TASK PROMPT :: Please repeat the data exactly, leaving nothing out.

[Saved data entries]
lemma hermitian_householder: "hermitian (householder w)"
proof -
  have "cnj (cinner w w) = cinner w w" by (rule cnj_cinner)
  thus ?thesis by (simp add: hermitian_def householder_def mat_adj_def fun_eq_iff id_mat_def mult.commute)
qed

lemma householder_involution:
  assumes "cinner w w \<noteq> 0"
  shows "mat_mult (householder w) (householder w) = id_mat"
proof -
  define P where "P = (\<lambda>i j. w i * cnj (w j))"
  have QP: "householder w = (\<lambda>i j. id_mat i j - (2 / cinner w w) * P i j)"
    by (simp add: householder_def P_def fun_eq_iff)
  have "(\<Sum>k\<in>UNIV. w i * cnj (w k) * (w k * cnj (w j))) = w i * cnj (w j) * cinner w w" for i j
    by (simp add: cinner_def sum_distrib_left mult_ac)
  hence PP: "mat_mult P P = (\<lambda>i j. cinner w w * P i j)"
    unfolding mat_mult_def P_def by (simp add: fun_eq_iff mult_ac)
  show ?thesis
    unfolding QP mat_mult_id_minus_square PP using assms by (simp add: fun_eq_iff field_simps)
qed

lemma householder_reflection_exists:
  fixes v :: "'x::finite \<Rightarrow> complex"
  assumes sv: "supported_on I v" and nv: "cinner v v = 1" and i0: "i0 \<in> I"
    and vr: "v i0 = complex_of_real a" and a0: "0 \<le> a"
  shows "\<exists>Q. hermitian Q \<and> mat_mult Q Q = id_mat \<and> id_outside I Q
           \<and> mat_vec Q (\<lambda>j. id_mat j i0) = v"
proof -
  define e where "e = (\<lambda>j. id_mat j i0)"
  define w where "w = (\<lambda>j. v j - e j)"
  show ?thesis
  proof (cases "cinner w w = 0")
    case True
    hence "w = (\<lambda>_. 0)" by (intro cinner_self_eq_0) simp
    hence "v = e" unfolding w_def by (auto simp: fun_eq_iff dest: fun_cong)
    thus ?thesis
      by (intro exI[of _ id_mat]) (simp add: hermitian_def e_def id_outside_def)
  next
    case False
    have en: "cinner e e = 1" and ev: "cinner e v = v i0" by (simp_all add: cinner_def e_def id_mat_def)
    have cw: "cinner w w = 2 - 2 * a"
      unfolding w_def cinner_diff_right cinner_def[of "\<lambda>j. v j - e j"] using nv en ev
      by (simp add: cinner_def sum_subtractf left_diff_distrib vr e_def id_mat_def)
    have wi0: "w i0 = complex_of_real (a - 1)" by (simp add: w_def e_def id_mat_def vr)
    have "mat_vec (householder w) e = (\<lambda>i. e i - 2 * w i * cnj (w i0) / cinner w w)"
      by (simp add: mat_vec_def householder_def e_def id_mat_def fun_eq_iff if_0_mult mult_if_0 cong: if_cong)
    also have "\<dots> = (\<lambda>i. e i + w i)"
      using False unfolding cw wi0 by (simp add: fun_eq_iff field_simps)
    also have "\<dots> = v" by (simp add: w_def)
    finally have "mat_vec (householder w) e = v" .
    moreover have "supported_on I w" using sv i0 by (auto simp: supported_on_def w_def e_def id_mat_def)
    hence "id_outside I (householder w)" by (auto simp: householder_def supported_on_def id_outside_def)
    ultimately show ?thesis using hermitian_householder householder_involution[OF False]
      unfolding e_def by blast
  qed
qed
(* Let $G \in \mathcal{C}_3$ be a digraph with at least one arc. Then in every $\vec{\chi}(G)$-dicolouring of $G$ there is at least one monochromatic arc, i.e. an arc both of whose endpoints lie in the same colour class.
   Context: All digraphs are finite and simple: no loops, no multiple arcs, and for two distinct vertices $u,v$ at most one of the arcs $uv$, $vu$ is present. A $k$-dicolouring of a digraph $D$ is a partition of $V(D)$ into $k$ sets $V_1,\dots,V_k$ (some possibly empty) such that each induced subdigraph $D[V_i]$ is acyclic (contains no directed cycle). The dichromatic number $\vec{\chi}(D)$ is the smallest $k$ such that $D$ admits a $k$-dicolouring. $TT_3$ denotes the transitive tournament on 3 vertices (a triangle oriented acyclically); a directed triangle is a directed cycle of length 3. $\mathcal{C}_3$ is the class of digraphs that contain no $TT_3$ as a subdigraph and contain no induced directed cycle of length at least $4$. *)

theory Defs
  imports Main
begin

definition simple_digraph :: "'a set \<Rightarrow> ('a \<times> 'a) set \<Rightarrow> bool" where
  "simple_digraph V A \<longleftrightarrow> finite V \<and> A \<subseteq> V \<times> V \<and> (\<forall>x. (x, x) \<notin> A)
     \<and> (\<forall>x y. (x, y) \<in> A \<longrightarrow> (y, x) \<notin> A)"

definition induced_acyclic :: "('a \<times> 'a) set \<Rightarrow> 'a set \<Rightarrow> bool" where
  "induced_acyclic A S \<longleftrightarrow> acyclic (A \<inter> (S \<times> S))"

REPLY ::
lemma hermitian_householder: "hermitian (householder w)"
proof -
  have "cnj (cinner w w) = cinner w w" by (rule cnj_cinner)
  thus ?thesis by (simp add: hermitian_def householder_def mat_adj_def fun_eq_iff id_mat_def mult.commute)
qed

lemma householder_involution:
  assumes "cinner w w \<noteq> 0"
  shows "mat_mult (householder w) (householder w) = id_mat"
proof -
  define P where "P = (\<lambda>i j. w i * cnj (w j))"
  have QP: "householder w = (\<lambda>i j. id_mat i j - (2 / cinner w w) * P i j)"
    by (simp add: householder_def P_def fun_eq_iff)
  have "(\<Sum>k\<in>UNIV. w i * cnj (w k) * (w k * cnj (w j))) = w i * cnj (w j) * cinner w w" for i j
    by (simp add: cinner_def sum_distrib_left mult_ac)
  hence PP: "mat_mult P P = (\<lambda>i j. cinner w w * P i j)"
    unfolding mat_mult_def P_def by (simp add: fun_eq_iff mult_ac)
  show ?thesis
    unfolding QP mat_mult_id_minus_square PP using assms by (simp add: fun_eq_iff field_simps)
qed

lemma householder_reflection_exists:
  fixes v :: "'x::finite \<Rightarrow> complex"
  assumes sv: "supported_on I v" and nv: "cinner v v = 1" and i0: "i0 \<in> I"
    and vr: "v i0 = complex_of_real a" and a0: "0 \<le> a"
  shows "\<exists>Q. hermitian Q \<and> mat_mult Q Q = id_mat \<and> id_outside I Q
           \<and> mat_vec Q (\<lambda>j. id_mat j i0) = v"
proof -
  define e where "e = (\<lambda>j. id_mat j i0)"
  define w where "w = (\<lambda>j. v j - e j)"
  show ?thesis
  proof (cases "cinner w w = 0")
    case True
    hence "w = (\<lambda>_. 0)" by (intro cinner_self_eq_0) simp
    hence "v = e" unfolding w_def by (auto simp: fun_eq_iff dest: fun_cong)
    thus ?thesis
      by (intro exI[of _ id_mat]) (simp add: hermitian_def e_def id_outside_def)
  next
    case False
    have en: "cinner e e = 1" and ev: "cinner e v = v i0" by (simp_all add: cinner_def e_def id_mat_def)
    have cw: "cinner w w = 2 - 2 * a"
      unfolding w_def cinner_diff_right cinner_def[of "\<lambda>j. v j - e j"] using nv en ev
      by (simp add: cinner_def sum_subtractf left_diff_distrib vr e_def id_mat_def)
    have wi0: "w i0 = complex_of_real (a - 1)" by (simp add: w_def e_def id_mat_def vr)
    have "mat_vec (householder w) e = (\<lambda>i. e i - 2 * w i * cnj (w i0) / cinner w w)"
      by (simp add: mat_vec_def householder_def e_def id_mat_def fun_eq_iff if_0_mult mult_if_0 cong: if_cong)
    also have "\<dots> = (\<lambda>i. e i + w i)"
      using False unfolding cw wi0 by (simp add: fun_eq_iff field_simps)
    also have "\<dots> = v" by (simp add: w_def)
    finally have "mat_vec (householder w) e = v" .
    moreover have "supported_on I w" using sv i0 by (auto simp: supported_on_def w_def e_def id_mat_def)
    hence "id_outside I (householder w)" by (auto simp: householder_def supported_on_def id_outside_def)
    ultimately show ?thesis using hermitian_householder householder_involution[OF False]
      unfolding e_def by blast
  qed
qed
(* Let $G \in \mathcal{C}_3$ be a digraph with at least one arc. Then in every $\vec{\chi}(G)$-dicolouring of $G$ there is at least one monochromatic arc, i.e. an arc both of whose endpoints lie in the same colour class.
   Context: All digraphs are finite and simple: no loops, no multiple arcs, and for two distinct vertices $u,v$ at most one of the arcs $uv$, $vu$ is present. A $k$-dicolouring of a digraph $D$ is a partition of $V(D)$ into $k$ sets $V_1,\dots,V_k$ (some possibly empty) such that each induced subdigraph $D[V_i]$ is acyclic (contains no directed cycle). The dichromatic number $\vec{\chi}(D)$ is the smallest $k$ such that $D$ admits a $k$-dicolouring. $TT_3$ denotes the transitive tournament on 3 vertices (a triangle oriented acyclically); a directed triangle is a directed cycle of length 3. $\mathcal{C}_3$ is the class of digraphs that contain no $TT_3$ as a subdigraph and contain no induced directed cycle of length at least $4$. *)

theory Defs
  imports Main
begin

definition simple_digraph :: "'a set \<Rightarrow> ('a \<times> 'a) set \<Rightarrow> bool" where
  "simple_digraph V A \<longleftrightarrow> finite V \<and> A \<subseteq> V \<times> V \<and> (\<forall>x. (x, x) \<notin> A)
     \<and> (\<forall>x y. (x, y) \<in> A \<longrightarrow> (y, x) \<notin> A)"

definition induced_acyclic :: "('a \<times> 'a) set \<Rightarrow> 'a set \<Rightarrow> bool" where
  "induced_acyclic A S \<longleftrightarrow> acyclic (A \<inter> (S \<times> S))"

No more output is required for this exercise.